> [WHAT YOU WILL DO]:
Report how many lines of the entries below contain the word "fixes", and nothing more.

> [RECORDS FOR PROCESSING]:
lemma quad_energy_lsc_on_Kset:
  fixes V0 :: "real \<Rightarrow> real"
  assumes V0: "V0 \<in> borel_measurable lborel" "AE x in lborel. \<bar>V0 x\<bar> \<le> K"
    and cV: "AE x in lborel. c \<le> V0 x" "0 < c"
    and w: "\<And>n. w n \<in> Kset a" and pw: "\<And>x. (\<lambda>n. w n x) \<longlonglongrightarrow> u x"
    and q: "\<And>n. quad_energy V0 (w n) \<le> q n" "q \<longlonglongrightarrow> L"
  shows "u \<in> Kset a" "quad_energy V0 u \<le> L"
proof -
  let ?Q = "quad_energy V0" and ?C = "tail_set a w u"
  let ?d = "\<lambda>n. INF v\<in>?C n. ?Q v"
  have CH: "v \<in> H1" if "v \<in> ?C n" for v n using that by (simp add: tail_set_def Kset_def)
  note Qlow = quad_energy_lower_bound[OF V0 cV(1) less_imp_le[OF cV(2)]]
  obtain M where M: "\<And>n. q n \<le> M"
    using convergent_imp_Bseq[of q] q(2) by (auto simp: convergent_def Bseq_def abs_le_iff)
  have wM: "(\<integral>x. (H1_deriv (w n) x)\<^sup>2 \<partial>lborel) \<le> M" for n
    using Qlow(2)[of "w n"] w[of n] q(1)[of n] M[of n] by (simp add: Kset_def)
  note u = Kset_pointwise_limit[OF w wM pw]
  have bdd: "bdd_below (?Q ` ?C n)" for n using Qlow(3) CH by (intro bdd_belowI2) blast
  have d_le_q: "?d n \<le> q n" for n
    using cINF_lower[OF bdd tail_set_mem[OF w pw order_refl, of n]] q(1)[of n] by linarith
  obtain v where vC: "\<And>n. v n \<in> ?C n" and near: "\<And>n. ?Q (v n) < ?d n + 1 / Suc n"
    using near_minimizers[of ?C, OF _ bdd] tail_set_mem[OF w pw order_refl] by blast
  have "?d n \<le> M" for n using d_le_q[of n] M[of n] by linarith
  note Cauchy = tail_set_near_minimizers_Cauchy[OF V0 cV w pw this vC less_imp_le[OF near]]
  note lim = H1_limit[OF CH[OF vC] tail_set_tendsto[OF w pw vC] u(1) Cauchy(2) Cauchy(1)]
  show "u \<in> Kset a" by (intro KsetI lim(1) u(2,3))
  have Qv: "(\<lambda>n. ?Q (v n)) \<longlonglongrightarrow> ?Q u" by (rule quad_energy_tendsto[OF V0 CH[OF vC] lim])
  have "(\<lambda>n. 1 / real (Suc n)) \<longlonglongrightarrow> 0"
    using LIMSEQ_inverse_real_of_nat by (simp add: inverse_eq_divide)
  from tendsto_diff[OF Qv this] have Qv': "(\<lambda>n. ?Q (v n) - 1 / Suc n) \<longlonglongrightarrow> ?Q u" by simp
  have "?d \<longlonglongrightarrow> ?Q u"
  proof (rule tendsto_sandwich[OF always_eventually always_eventually Qv' Qv])
    show "\<forall>n. ?Q (v n) - 1 / Suc n \<le> ?d n" using near by (meson diff_le_eq less_imp_le)
    show "\<forall>n. ?d n \<le> ?Q (v n)" using cINF_lower[OF bdd vC] by blast
  qed
  then show "?Q u \<le> L" by (rule LIMSEQ_le[OF _ q(2)]) (use d_le_q in auto)
qed

context
  fixes V0 :: "real \<Rightarrow> real" and mu_p mu_m :: "real measure" and c K :: real
  assumes V0: "V0 \<in> borel_measurable lborel" "AE x in lborel. \<bar>V0 x\<bar> \<le> K"
    and cV: "AE x in lborel. c \<le> V0 x" "0 < c"
    and mu: "finite_borel_measure mu_p" "finite_borel_measure mu_m"
begin

lemma Ifun_lower_bound: "u \<in> Kset a \<Longrightarrow> - measure mu_m (space mu_m) \<le> Ifun u V0 mu_p mu_m"
  using quad_energy_lower_bound(3)[OF V0 cV(1) less_imp_le[OF cV(2)], of u]
    measure_energy_lower_bound[OF mu, of u a] by (simp add: Ifun_eq Kset_def)

lemma Ifun_sublevel_deriv_bound:
  assumes "u \<in> Kset a" "Ifun u V0 mu_p mu_m \<le> B"
  shows "(\<integral>x. (H1_deriv u x)\<^sup>2 \<partial>lborel) \<le> B + measure mu_m (space mu_m)"
  using quad_energy_lower_bound(2)[OF V0 cV(1) less_imp_le[OF cV(2)], of u]
    measure_energy_lower_bound[OF mu assms(1)] assms by (simp add: Ifun_eq Kset_def)

lemma Ifun_lsc_on_Kset:
  assumes w: "\<And>n. w n \<in> Kset a" and pw: "\<And>x. (\<lambda>n. w n x) \<longlonglongrightarrow> u x"
    and b: "\<And>n. Ifun (w n) V0 mu_p mu_m \<le> b n" "b \<longlonglongrightarrow> L"
  shows "u \<in> Kset a" "Ifun u V0 mu_p mu_m \<le> L"
proof -
  let ?E = "measure_energy mu_p mu_m"
  have "quad_energy V0 (w n) \<le> b n - ?E (w n)" for n using b(1)[of n] by (simp add: Ifun_eq)
  note lsc = quad_energy_lsc_on_Kset[OF V0 cV w pw this tendsto_diff[OF b(2)
        measure_energy_tendsto[OF mu w pw]]]
  then show "u \<in> Kset a" "Ifun u V0 mu_p mu_m \<le> L" by (simp_all add: Ifun_eq)
qed

end

theorem theorem5p2:
  fixes V0 :: "real \<Rightarrow> real" and mu_p mu_m :: "real measure" and a :: real
  assumes "V0 \<in> borel_measurable lborel"
    and "esssup lborel (\<lambda>x. ereal \<bar>V0 x\<bar>) < \<infinity>"
    and "esssup lborel (\<lambda>x. ereal (- V0 x)) < 0"
    and "finite_borel_measure mu_p" and "finite_borel_measure mu_m"
  shows "\<exists>u_a \<in> Kset a. (\<forall>u \<in> Kset a. Ifun u_a V0 mu_p mu_m \<le> Ifun u V0 mu_p mu_m)
                      \<and> Ffun a V0 mu_p mu_m = Ifun u_a V0 mu_p mu_m"
proof -
  obtain c K where c: "0 < c" and cV: "AE x in lborel. c \<le> V0 x" and KV: "AE x in lborel. \<bar>V0 x\<bar> \<le> K"
    using esssup_potential_bounds[OF assms(2,3)] by blast
  note hyps = assms(1) KV cV c assms(4,5)
  let ?I = "\<lambda>u. Ifun u V0 mu_p mu_m" and ?F = "Ffun a V0 mu_p mu_m"
  have bdd: "bdd_below (?I ` Kset a)" using Ifun_lower_bound[OF hyps] by (intro bdd_belowI2)
  have F_le: "?F \<le> ?I u" if "u \<in> Kset a" for u unfolding Ffun_def by (rule cINF_lower[OF bdd that])
  obtain us where us: "\<And>n. us n \<in> Kset a" "\<And>n. ?I (us n) < ?F + 1 / Suc n"
    using near_minimizers[of "\<lambda>_. Kset a", OF Kset_nonempty bdd] unfolding Ffun_def by blast
  have "1 / real (Suc n) \<le> 1" for n by simp
  then have "?I (us n) \<le> ?F + 1" for n using us(2)[of n] by (smt (verit))
  then obtain s u where s: "strict_mono s" and pw: "\<And>x. (\<lambda>n. us (s n) x) \<longlonglongrightarrow> u x"
    using Kset_pointwise_convergent_subseq us(1) Ifun_sublevel_deriv_bound[OF hyps us(1)] by blast
  have lim: "(\<lambda>n. ?F + 1 / real (Suc (s n))) \<longlonglongrightarrow> ?F + 0"
    using LIMSEQ_subseq_LIMSEQ[OF LIMSEQ_inverse_real_of_nat s]
    by (intro tendsto_add tendsto_const) (simp add: o_def inverse_eq_divide)
  have "?I (us (s n)) \<le> ?F + 1 / Suc (s n)" for n using us(2)[of "s n"] by simp
  note lsc = Ifun_lsc_on_Kset[OF hyps, where w="\<lambda>n. us (s n)", OF us(1) pw this lim]
  from lsc have "u \<in> Kset a" "?I u \<le> ?F" by simp_all
  then show ?thesis using F_le by (intro bexI[of _ u]) (auto intro: order_trans antisym)
qed

end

> [ANSWER SPACE]:
3